La conductivité électrique a également été mesurée par des scientifiques de Nazca où des tests ont été effectués sur les lignes de Nazca, et à côté d'elles et les résultats ont montré que la conductivité électrique était 8000 plus élevée sur les lignes qu'à côté d'elles.

Collage Lignes et géoglyphes de Nazca, Pérou – (En haut à gauche : oiseau de mer, main, pélican, condor, géant, baleine, araignée, singe, chien, scorpion, colibri)Huit pieds sous certaines des lignes, il y a des anomalies de champ magnétique. Il y a quelque chose à Nazca qui la rend unique, différente de tout autre endroit sur Terre, mais nous ne savons tout simplement pas ce que c'est.

Qu'est-ce qui rend Nazca si spéciale ? Eh bien, Nazca a tout. C'est un milieu riche en minéraux. Les nitrates et diverses choses que nous utilisons dans notre propulsion moderne se trouvent en abondance. Les Nazca étaient situés dans un environnement riche en nitrates, mais d'après les recherches, ils n'en avaient pas besoin.

La question pourrait être de savoir si le nitrate était d'une importance particulière pour les visiteurs d'un autre monde qui auraient pu visiter Nazca dans le passé. Dans la technologie d'aujourd'hui, le nitrate est utilisé dans beaucoup de choses intéressantes.

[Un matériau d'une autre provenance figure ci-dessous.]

lemma expect_given_rec1_le:
  assumes "\<And>r. 0 \<le> sig2 M r" "\<And>r. sig2 M r \<le> 1"
    and "\<And>w1 a2. expect_state2 mu0 rho M s f a1 w1 a2 \<le> (\<Sum>w2\<in>UNIV. prior mu0 rho w1 w2 * g w1 w2)"
  shows "expect_given_rec1 mu0 rho M s f a1 \<le> (\<Sum>w1\<in>UNIV. \<Sum>w2\<in>UNIV. prior mu0 rho w1 w2 * g w1 w2)"
  unfolding expect_given_rec1_def
  by (intro sum_mono sum_bprob_mult_le assms)

lemma expect_given_rec1_untested:
  assumes "\<not> act1 s a1"
  shows "expect_given_rec1 mu0 rho M s f a1 = (\<Sum>a2\<in>UNIV. bprob (sig2 M None) a2 *
    (\<Sum>w1\<in>UNIV. \<Sum>w2\<in>UNIV. prior mu0 rho w1 w2 *
       f w1 w2 False (act2 s a1 None a2) (xhat M None (report2 s a1 None a2 w2))))"
proof -
  have "observe (act1 s a1) w1 = None" "report1 s a1 w1 = None" for w1
    using assms by (simp_all add: observe_def report1_def)
  then show ?thesis
    unfolding expect_given_rec1_def expect_state2_def Let_def
    by (simp add: assms sum_UNIV_bool algebra_simps)
qed

definition payoff_P :: "real \<Rightarrow> bool \<Rightarrow> bool \<Rightarrow> bool \<Rightarrow> bool \<Rightarrow> bool \<Rightarrow> real" where
  "payoff_P k w1 w2 e1 e2 x = of_bool (x = w2) - k * (of_bool e1 + of_bool e2)"

lemma UP_eq_expect: "UP mu0 rho k M s = expect mu0 rho M s (payoff_P k)"
  unfolding UP_def payoff_P_def ..

lemma expect_given_rec1_payoff_P_tested:
  assumes "\<And>r. 0 \<le> sig2 M r" "\<And>r. sig2 M r \<le> 1"
    and "0 \<le> mu0" "mu0 \<le> 1" "1/2 \<le> rho" "rho \<le> 1" "0 \<le> k" and "act1 s a1"
  shows "expect_given_rec1 mu0 rho M s (payoff_P k) a1 \<le> 1 - k"
proof -
  have "expect_state2 mu0 rho M s (payoff_P k) a1 w1 a2 \<le> (\<Sum>w2\<in>UNIV. prior mu0 rho w1 w2 * (1 - k))"
    for w1 a2
  proof (cases "act2 s a1 (observe (act1 s a1) w1) a2")
    case True
    then show ?thesis
      unfolding expect_state2_def Let_def
      by (intro sum_prior_mult_mono) (use assms in \<open>auto simp: payoff_P_def\<close>)
  next
    case False
    let ?x = "xhat M (report1 s a1 w1) None"
    have "expect_state2 mu0 rho M s (payoff_P k) a1 w1 a2
        = (\<Sum>w2\<in>UNIV. prior mu0 rho w1 w2 * of_bool (?x = w2)) - bprob mu0 w1 * k"
      using False \<open>act1 s a1\<close>
      by (simp add: expect_state2_def payoff_P_def report2_untested sum_UNIV_bool prior_def algebra_simps)
    also have "\<dots> \<le> bprob mu0 w1 * rho - bprob mu0 w1 * k"
      using prob_guess_given_state1_le assms by simp
    also have "\<dots> \<le> bprob mu0 w1 * (1 - k)"
      using assms bprob_nonneg[of mu0 w1] by (simp add: mult_left_mono right_diff_distrib[symmetric])
    finally show ?thesis by (simp add: sum_prior_mult_const)
  qed
  then have "expect_given_rec1 mu0 rho M s (payoff_P k) a1
      \<le> (\<Sum>w1\<in>UNIV. \<Sum>w2\<in>UNIV. prior mu0 rho w1 w2 * (1 - k))"
    by (rule expect_given_rec1_le[OF assms(1,2)])
  then show ?thesis by (simp only: sum_prior_mult_const2)
qed

lemma expect_given_rec1_payoff_P_untested:
  assumes "\<And>r. 0 \<le> sig2 M r" "\<And>r. sig2 M r \<le> 1"
    and "0 \<le> mu0" "mu0 \<le> 1" "0 \<le> rho" "rho \<le> 1" "0 \<le> k"
    and "k \<le> min (mu2_empty mu0 rho) (1 - mu2_empty mu0 rho)" and "\<not> act1 s a1"
  shows "expect_given_rec1 mu0 rho M s (payoff_P k) a1 \<le> 1 - k"
  unfolding expect_given_rec1_untested[OF \<open>\<not> act1 s a1\<close>]
proof (rule sum_bprob_mult_le[OF assms(1,2)])
  fix a2
  let ?e2 = "act2 s a1 None a2"
  show "(\<Sum>w1\<in>UNIV. \<Sum>w2\<in>UNIV. prior mu0 rho w1 w2 *
      payoff_P k w1 w2 False ?e2 (xhat M None (report2 s a1 None a2 w2))) \<le> 1 - k"
  proof (cases ?e2)
    case True
    have "(\<Sum>w1\<in>UNIV. \<Sum>w2\<in>UNIV. prior mu0 rho w1 w2 *
        payoff_P k w1 w2 False ?e2 (xhat M None (report2 s a1 None a2 w2)))
      \<le> (\<Sum>w1\<in>UNIV. \<Sum>w2\<in>UNIV. prior mu0 rho w1 w2 * (1 - k))"
      by (intro sum_prior_mult_mono2) (use assms True in \<open>auto simp: payoff_P_def\<close>)
    then show ?thesis by (simp only: sum_prior_mult_const2)
  next
    case False
    let ?x = "xhat M None None"
    have "(\<Sum>w1\<in>UNIV. \<Sum>w2\<in>UNIV. prior mu0 rho w1 w2 *
        payoff_P k w1 w2 False ?e2 (xhat M None (report2 s a1 None a2 w2)))
      = (\<Sum>w1\<in>UNIV. \<Sum>w2\<in>UNIV. prior mu0 rho w1 w2 * of_bool (?x = w2))"
      using False by (simp add: payoff_P_def report2_untested)
    also have "\<dots> = bprob (mu2_empty mu0 rho) ?x"
      by (rule prob_guess_uninformed)
    also have "\<dots> \<le> 1 - k"
      using assms(8) by (auto simp: bprob_def)
    finally show ?thesis .
  qed
qed

lemma UP_le_first_best:
  assumes "valid_mech M" "0 \<le> mu0" "mu0 \<le> 1" "1/2 \<le> rho" "rho \<le> 1" "0 \<le> k"
    and "k \<le> min (mu2_empty mu0 rho) (1 - mu2_empty mu0 rho)"
  shows "UP mu0 rho k M s \<le> 1 - k"
proof -
  have sig1: "0 \<le> sig1 M" "sig1 M \<le> 1" and sig2: "\<And>r. 0 \<le> sig2 M r" "\<And>r. sig2 M r \<le> 1"
    using assms(1) by (auto simp: valid_mech_def)
  have "expect_given_rec1 mu0 rho M s (payoff_P k) a1 \<le> 1 - k" for a1
    using expect_given_rec1_payoff_P_tested[OF sig2] expect_given_rec1_payoff_P_untested[OF sig2] assms
    by (cases "act1 s a1") auto
  then show ?thesis
    unfolding UP_eq_expect expect_by_rec1 by (rule sum_bprob_mult_le[OF sig1])
qed

definition payoff_A :: "real \<Rightarrow> bool \<Rightarrow> bool \<Rightarrow> bool \<Rightarrow> bool \<Rightarrow> bool \<Rightarrow> real" where
  "payoff_A c w1 w2 e1 e2 x = of_bool x - c * (of_bool e1 + of_bool e2)"

lemma UA_eq_expect: "UA mu0 rho c M s = expect mu0 rho M s (payoff_A c)"
  unfolding UA_def payoff_A_def ..

lemma xhat_Mstar_report2: "xhat Mstar r1 (report2 s a1 o1 a2 w2) \<Longrightarrow> act2 s a1 o1 a2 \<and> w2"
  by (auto simp: Mstar_def report2_def observe_def Let_def split: if_splits)

lemma payoff_A_Mstar_le:
  assumes "0 \<le> c"
  shows "payoff_A c w1 w2 e1 (act2 s a1 o1 a2) (xhat Mstar r1 (report2 s a1 o1 a2 w2))
    \<le> of_bool (e1 \<or> act2 s a1 o1 a2) * (of_bool w2 - c)"
  using xhat_Mstar_report2[of r1 s a1 o1 a2 w2] assms
  by (cases e1; cases "act2 s a1 o1 a2"; cases w2) (auto simp: payoff_A_def)

lemma UA_Mstar_le:
  assumes "0 \<le> mu0" "mu0 \<le> 1" "0 \<le> rho" "rho \<le> 1" "0 \<le> c" "c \<le> mu2_empty mu0 rho"
  shows "UA mu0 rho c Mstar s \<le> mu2_empty mu0 rho - c"
proof -
  have sig2: "\<And>r. 0 \<le> sig2 Mstar r" "\<And>r. sig2 Mstar r \<le> 1"
    by (simp_all add: Mstar_def)
  have "UA mu0 rho c Mstar s = expect_given_rec1 mu0 rho Mstar s (payoff_A c) False"
    by (simp add: UA_eq_expect expect_by_rec1 Mstar_def sum_bprob_0)
  also have "\<dots> \<le> mu2_empty mu0 rho - c"
  proof (cases "act1 s False")
    case True
    have "expect_given_rec1 mu0 rho Mstar s (payoff_A c) False
        \<le> (\<Sum>w1\<in>UNIV. \<Sum>w2\<in>UNIV. prior mu0 rho w1 w2 * (of_bool w2 - c))"
    proof (rule expect_given_rec1_le[OF sig2])
      fix w1 a2
      show "expect_state2 mu0 rho Mstar s (payoff_A c) False w1 a2
          \<le> (\<Sum>w2\<in>UNIV. prior mu0 rho w1 w2 * (of_bool w2 - c))"
        unfolding expect_state2_def Let_def
        by (intro sum_prior_mult_mono assms)
          (use payoff_A_Mstar_le[OF assms(5), of _ _ True] True in simp)
    qed
    then show ?thesis by (simp only: sum_prior_of_bool_state2_minus)
  next
    case False
    let ?e2 = "act2 s False None True"
    have "expect_given_rec1 mu0 rho Mstar s (payoff_A c) False
        = (\<Sum>w1\<in>UNIV. \<Sum>w2\<in>UNIV. prior mu0 rho w1 w2 *
            payoff_A c w1 w2 False ?e2 (xhat Mstar None (report2 s False None True w2)))"
      by (simp add: expect_given_rec1_untested[OF False] Mstar_def sum_bprob_1)
    also have "\<dots> \<le> (\<Sum>w1\<in>UNIV. \<Sum>w2\<in>UNIV. prior mu0 rho w1 w2 * (of_bool ?e2 * (of_bool w2 - c)))"
      by (intro sum_prior_mult_mono2 assms)
        (use payoff_A_Mstar_le[OF assms(5), of _ _ False] in simp)
    also have "\<dots> \<le> mu2_empty mu0 rho - c"
      using assms by (cases ?e2) (simp_all add: sum_prior_of_bool_state2_minus)
    finally show ?thesis .
  qed
  finally show ?thesis .
qed

lemma UA_Mstar_obedient: "UA mu0 rho c Mstar obedient = mu2_empty mu0 rho - c"
  by (simp add: UA_def expect_def Let_def sum_UNIV_bool Mstar_def obedient_def bprob_def prior_def
      mu2_empty_def algebra_simps)

lemma UP_Mstar_obedient: "UP mu0 rho k Mstar obedient = 1 - k"
  by (simp add: UP_def expect_def Let_def sum_UNIV_bool Mstar_def obedient_def bprob_def prior_def
      algebra_simps)

lemma outcome_prob_Mstar_obedient: "outcome_prob mu0 rho Mstar obedient oc = baseline_prob mu0 rho oc"
  by (cases oc) (auto simp: outcome_prob_def baseline_prob_def expect_def Let_def sum_UNIV_bool
      Mstar_def obedient_def bprob_def prior_def)

theorem lemmaC2:
  fixes mu0 rho c k :: real
  assumes "0 < mu0" "mu0 < 1" "1/2 < rho" "rho < 1" "0 < c" "0 < k"
    and "1 - rho < k" "k \<le> min (mu2_empty mu0 rho) (1 - mu2_empty mu0 rho)"
    and "c \<le> mu2_empty mu0 rho"
  shows "best_response mu0 rho c Mstar obedient
    \<and> (\<forall>oc. outcome_prob mu0 rho Mstar obedient oc = baseline_prob mu0 rho oc)
    \<and> (\<forall>M s. valid_mech M \<longrightarrow> best_response mu0 rho c M s \<longrightarrow>
           UP mu0 rho k M s \<le> UP mu0 rho k Mstar obedient)"
proof (intro conjI allI impI)
  show "best_response mu0 rho c Mstar obedient"
    unfolding best_response_def UA_Mstar_obedient
    using UA_Mstar_le assms by auto
  show "outcome_prob mu0 rho Mstar obedient oc = baseline_prob mu0 rho oc" for oc
    by (rule outcome_prob_Mstar_obedient)
  show "UP mu0 rho k M s \<le> UP mu0 rho k Mstar obedient" if "valid_mech M" for M s
    unfolding UP_Mstar_obedient
    using UP_le_first_best[OF that] assms by auto
qed

end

Nazca recèle des mystères infinis, mais en même temps, la question est de savoir si nous comprendrons jamais vraiment cette gigantesque démonstration de créativité et de géométrie ? Une chose est sûre, cette région du Pérou continuera d'être une zone d'un grand intérêt pour les archéologues, les scientifiques et les historiens.